I had been here once as a small child. Kandek brought me up to show me how far his dominion spread. I’d been awed by the forest outside our town, having never seen it so clearly before. I remembered the bright, sunny day as clearly as any other day in my childhood. It was one of the few times he’d met with me without asking for a story. Maybe it was his strange way of being my father.

A snowflake landed on my nose, ripping me back to my cold reality. I flicked my fingers toward the other end of the tower and a fire sprung to life, its warmth spreading through the whole enclosure. Alia stirred. It was time the two of us had a little talk.

Her eyes opened and a sigh escaped her lips. Snow blew through the windows, coating her body in a light blanket. The fire melted the snow as quickly as it fell and kept us warm, despite the dropping temperatures. I let out my breath. A crystal cloud danced in the air. The sun shone bright as it peeked through the cloud-packed sky.

“Reychel,” Alia groaned. “Where are we?”

She lifted her head off the stone floor. Her glazed eyes swept around the tower.

“In the highest tower. We’re going to stay here until Mark arrives with help. I started a fire to keep us warm until then.”

Alia’s eyes narrowed. “Then you’re going to kill me?”

“No. We aren’t going to kill you, Alia. If we did, that would make us just as evil as you.”

“So cliché, Reychel. I was hoping you had more danger inside you, like your friend Krissin. Unfortunately you’re just as boring as I always believed. You don’t deserve to have a place as the Prophet. Some leader. When you finally capture your enemy, you don’t act on it.

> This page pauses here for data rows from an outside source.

lemma ratio_mix:
  fixes R P :: "real^'n"
  assumes "P$i \<noteq> 0"
  shows "(P + t *\<^sub>R (R - P))$i / P$i - 1 = t * (R$i / P$i - 1)"
  using assms by (simp add: field_simps)

lemma chi2_form_mix:
  fixes R P :: "real^'n"
  assumes "\<And>i. P$i \<noteq> 0"
  shows "chi2_form (P + t *\<^sub>R (R - P)) P = t\<^sup>2 * chi2_form R P"
  unfolding chi2_form_def ratio_mix[OF assms]
  by (simp add: sum_distrib_left power_mult_distrib ac_simps)

lemma pmf_vec_mix:
  assumes "pmf_vec P" "pmf_vec R" "0 \<le> t" "t \<le> 1"
  shows "pmf_vec (P + t *\<^sub>R (R - P))"
proof -
  have "(P + t *\<^sub>R (R - P))$i = (1 - t) * P$i + t * R$i" for i
    by (simp add: algebra_simps)
  then show ?thesis
    using assms by (auto simp: pmf_vec_def sum.distrib sum_distrib_left[symmetric])
qed

lemma sum_taylor_remainder_bound:
  fixes Q u :: "'a \<Rightarrow> real" and f :: "real \<Rightarrow> real"
  assumes "finite A" "\<And>i. i \<in> A \<Longrightarrow> Q i \<ge> 0" "(\<Sum>i\<in>A. Q i * u i) = 0"
    and taylor: "\<And>i. i \<in> A \<Longrightarrow> \<bar>f (1 + u i) - f 1 - c * u i - a * (u i)\<^sup>2\<bar> \<le> e * (u i)\<^sup>2"
  shows "\<bar>(\<Sum>i\<in>A. Q i * (f (1 + u i) - f 1)) - a * (\<Sum>i\<in>A. Q i * (u i)\<^sup>2)\<bar>
    \<le> e * (\<Sum>i\<in>A. Q i * (u i)\<^sup>2)"
proof -
  have "(\<Sum>i\<in>A. Q i * (f (1 + u i) - f 1)) - a * (\<Sum>i\<in>A. Q i * (u i)\<^sup>2)
      = (\<Sum>i\<in>A. Q i * (f (1 + u i) - f 1 - c * u i - a * (u i)\<^sup>2)) + c * (\<Sum>i\<in>A. Q i * u i)"
    by (simp add: sum.distrib sum_subtractf sum_distrib_left algebra_simps)
  also have "\<dots> = (\<Sum>i\<in>A. Q i * (f (1 + u i) - f 1 - c * u i - a * (u i)\<^sup>2))"
    using assms(3) by simp
  finally have "\<bar>(\<Sum>i\<in>A. Q i * (f (1 + u i) - f 1)) - a * (\<Sum>i\<in>A. Q i * (u i)\<^sup>2)\<bar>
      \<le> (\<Sum>i\<in>A. Q i * (e * (u i)\<^sup>2))"
    using assms(2) taylor
    by (auto simp: abs_mult intro!: order_trans[OF sum_abs sum_mono] mult_left_mono)
  also have "\<dots> = e * (\<Sum>i\<in>A. Q i * (u i)\<^sup>2)" by (simp add: sum_distrib_left algebra_simps)
  finally show ?thesis .
qed

lemma fdiv_near_quadratic:
  fixes R P :: "real^'n"
  assumes P: "\<And>i. P$i > 0" and sum: "(\<Sum>i\<in>UNIV. R$i) = (\<Sum>i\<in>UNIV. P$i)"
    and f_1: "f 1 = 0" and "\<rho> \<le> 1" and near: "\<And>i. \<bar>R$i / P$i - 1\<bar> < \<rho>"
    and taylor: "\<And>u. \<bar>u\<bar> < \<rho> \<Longrightarrow> \<bar>f (1 + u) - f 1 - c * u - a * u\<^sup>2\<bar> \<le> e * u\<^sup>2"
  obtains D where "fdiv f R P = ereal D" "\<bar>D - a * chi2_form R P\<bar> \<le> e * chi2_form R P"
proof -
  define u where "u i = R$i / P$i - 1" for i
  have R_eq: "R$i = P$i * (1 + u i)" for i
    using P[of i] by (simp add: u_def field_simps)
  have "R$i > 0" for i
    using near[of i] \<open>\<rho> \<le> 1\<close> P[of i] by (simp add: R_eq abs_less_iff)
  then have "fdiv f R P = ereal (\<Sum>i\<in>UNIV. P$i * f (1 + u i))"
    using fdiv_eq_sum_if_pos[OF P] by (simp add: u_def)
  moreover have "\<bar>(\<Sum>i\<in>UNIV. P$i * (f (1 + u i) - f 1)) - a * (\<Sum>i\<in>UNIV. P$i * (u i)\<^sup>2)\<bar>
      \<le> e * (\<Sum>i\<in>UNIV. P$i * (u i)\<^sup>2)"
  proof (rule sum_taylor_remainder_bound)
    show "(\<Sum>i\<in>UNIV. P$i * u i) = 0"
      using sum by (simp add: R_eq algebra_simps sum.distrib)
    show "\<bar>f (1 + u i) - f 1 - c * u i - a * (u i)\<^sup>2\<bar> \<le> e * (u i)\<^sup>2" for i
      using taylor[of "u i"] near[of i] by (simp add: u_def)
  qed (use P in \<open>auto simp: less_imp_le\<close>)
  moreover have "chi2_form R P = (\<Sum>i\<in>UNIV. P$i * (u i)\<^sup>2)"
    by (simp add: chi2_form_def u_def)
  ultimately show ?thesis using that f_1 by simp
qed

section \<open>Generators of f-divergences with positive curvature at 1\<close>

locale fdiv_generator =
  fixes f :: "real \<Rightarrow> real"
  assumes convex: "convex_on {0<..} f"
    and f_1: "f 1 = 0"
    and differentiable_near_1: "\<exists>e>0. \<forall>t. \<bar>t - 1\<bar> < e \<longrightarrow> f differentiable (at t)"
    and deriv_differentiable_1: "deriv f differentiable (at 1)"
    and deriv2_pos: "deriv (deriv f) 1 > 0"
begin

definition tangent_gap :: "real \<Rightarrow> real" where
  "tangent_gap t = f t - deriv f 1 * (t - 1)"

lemma tangent_gap_nonneg:
  assumes "t > 0"
  shows "tangent_gap t \<ge> 0"
proof -
  have "f differentiable (at 1)" using differentiable_near_1 by auto
  then have "(f has_field_derivative deriv f 1) (at 1 within {0<..})"
    by (simp add: DERIV_deriv_iff_real_differentiable has_field_derivative_at_within)
  then have "f t - f 1 \<ge> deriv f 1 * (t - 1)"
    using assms by (intro convex_on_imp_above_tangent[OF convex])
      (auto simp: interior_open intro: convex_connected)
  then show ?thesis by (simp add: tangent_gap_def f_1)
qed

lemma tangent_gap_shrink:
  assumes "0 \<le> l" "l \<le> 1" "x > 0"
  shows "tangent_gap (1 + l * (x - 1)) \<le> l * tangent_gap x"
proof -
  have "f ((1 - l) *\<^sub>R 1 + l *\<^sub>R x) \<le> (1 - l) * f 1 + l * f x"
    by (rule convex_onD[OF convex]) (use assms in auto)
  then show ?thesis by (simp add: tangent_gap_def f_1 algebra_simps)
qed

lemma tangent_gap_quadratic_near_1:
  obtains \<rho> where "\<rho> > 0"
    and "\<And>u. \<bar>u\<bar> < \<rho> \<Longrightarrow> tangent_gap (1 + u) \<ge> deriv (deriv f) 1 / 4 * u\<^sup>2"
proof -
  obtain \<rho> where "\<rho> > 0" and taylor: "\<And>u. \<bar>u\<bar> < \<rho> \<Longrightarrow>
      \<bar>f (1 + u) - f 1 - deriv f 1 * u - deriv (deriv f) 1 / 2 * u\<^sup>2\<bar> \<le> deriv (deriv f) 1 / 4 * u\<^sup>2"
    using second_order_taylor_bound[OF differentiable_near_1 deriv_differentiable_1, of "deriv (deriv f) 1 / 4"]
      deriv2_pos by auto
  have "tangent_gap (1 + u) \<ge> deriv (deriv f) 1 / 4 * u\<^sup>2" if "\<bar>u\<bar> < \<rho>" for u
  proof -
    have "tangent_gap (1 + u) = f (1 + u) - f 1 - deriv f 1 * u" by (simp add: tangent_gap_def f_1)
    then show ?thesis using taylor[OF that] unfolding abs_le_iff by linarith
  qed
  with \<open>\<rho> > 0\<close> show ?thesis using that by blast
qed

lemma tangent_gap_away_from_1:
  obtains \<rho>0 where "\<rho>0 > 0" and "\<And>\<rho> t. 0 < \<rho> \<Longrightarrow> \<rho> < \<rho>0 \<Longrightarrow> t > 0 \<Longrightarrow> \<bar>t - 1\<bar> \<ge> \<rho> \<Longrightarrow>
      tangent_gap t \<ge> deriv (deriv f) 1 / 4 * \<rho>\<^sup>2"
proof -
  obtain \<rho>0 where "\<rho>0 > 0"
    and near: "\<And>u. \<bar>u\<bar> < \<rho>0 \<Longrightarrow> tangent_gap (1 + u) \<ge> deriv (deriv f) 1 / 4 * u\<^sup>2"
    using tangent_gap_quadratic_near_1 by blast
  have "tangent_gap t \<ge> deriv (deriv f) 1 / 4 * \<rho>\<^sup>2"
    if \<rho>: "0 < \<rho>" "\<rho> < \<rho>0" and t: "t > 0" "\<bar>t - 1\<bar> \<ge> \<rho>" for \<rho> t
  proof -
    \<comment> \<open>Shrink t towards 1 until it is at distance exactly \<rho>, where the quadratic bound applies.\<close>
    define l where "l = \<rho> / \<bar>t - 1\<bar>"
    have l: "0 < l" "l \<le> 1" using \<rho> t by (auto simp: l_def)
    have "\<bar>l * (t - 1)\<bar> = \<rho>" using \<rho> t by (simp add: l_def abs_mult)
    then have "deriv (deriv f) 1 / 4 * \<rho>\<^sup>2 \<le> tangent_gap (1 + l * (t - 1))"
      using near[of "l * (t - 1)"] \<rho> by (metis power2_abs)
    also have "\<dots> \<le> l * tangent_gap t" using l t by (intro tangent_gap_shrink) auto
    also have "\<dots> \<le> tangent_gap t" using l tangent_gap_nonneg[OF t(1)] by (simp add: mult_left_le_one_le)
    finally show ?thesis .
  qed
  with \<open>\<rho>0 > 0\<close> show ?thesis using that by blast
qed

lemma tangent_gap_antimono_below_1:
  assumes "0 < s" "s \<le> t" "t < 1"
  shows "tangent_gap t \<le> tangent_gap s"
proof -
  define l where "l = (1 - t) / (1 - s)"
  have l: "0 \<le> l" "l \<le> 1" using assms by (auto simp: l_def field_simps)
  have "1 + l * (s - 1) = t" using assms by (simp add: l_def field_simps)
  then have "tangent_gap t \<le> l * tangent_gap s"
    using tangent_gap_shrink[OF l \<open>0 < s\<close>] by simp
  also have "\<dots> \<le> tangent_gap s"
    using l tangent_gap_nonneg[OF \<open>0 < s\<close>] by (simp add: mult_left_le_one_le)
  finally show ?thesis .
qed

You hide, like the coward you are, until your friends can help you. Pathetic.”

I stared at her, the silence as still and heavy as the stones surrounding us.

“I care about life. If that makes me a pathetic coward, then that’s fine.” I walked over to Alia and crouched on the floor next to her. A few days ago I would have been afraid of her, but now I wasn’t. Cowardice and confidence were two different things and I’d changed. Alia had no power over me that I didn’t have over her. “There is someone who cares about you, Alia. Maybe if you’d stop being so angry and power-hungry you could see that.”

“I don’t have time for love. Not now.” Her eyes flashed at me. “Maybe once I’ve destroyed you and taken control of Serenia, I can talk to Zuri about her feelings.”

My eyes widened in surprise. So Alia did know.

“I’m not blind, Reychel. Sadly, you’re the one who’s been far too trusting and blind when it comes to love.”

I looked out the window and a passing cloud, heavy with snow, captured me. I fell to the stone floor, overcome with a ripping headache.

 

The night swirled around me, confusing my senses. I didn’t know if I was inside or outside, but the blackness weighed on my soul. Clutching the knife to my breast, I walked on silent tiptoes, dancing circles around the box before me. Whatever lie inside it made mewling noises, not quite like a kitten, but unlike anything I’d ever heard before.

I grasped the hilt of the knife with both hands and raised it above my head. My arms shook. I debated whether or not to kill whatever was in that box. The noise annoyed me and I wanted, no needed, it to stop.

Taking a deep breath, I plunged the knife into the blanketed bundle.

Silence. Finally. Sweet quiet.

I pulled the knife out, blood dripping from the blade.

 

I left the vision in time to see Alia’s fingers flicking the air and a shimmering portal appeared. Ivy stepped through, her bald head glistening in the magical air surrounding her.

“How did you do that?” I snapped my head back between Alia and Ivy. The last I’d been told, Ivy was held securely in the Southern Kingdom. There was no way she could have ported between the two while Nemison’s force field was in place. My eyes flickered to the windows. The shimmering air confirmed that Nemison’s plan was still working.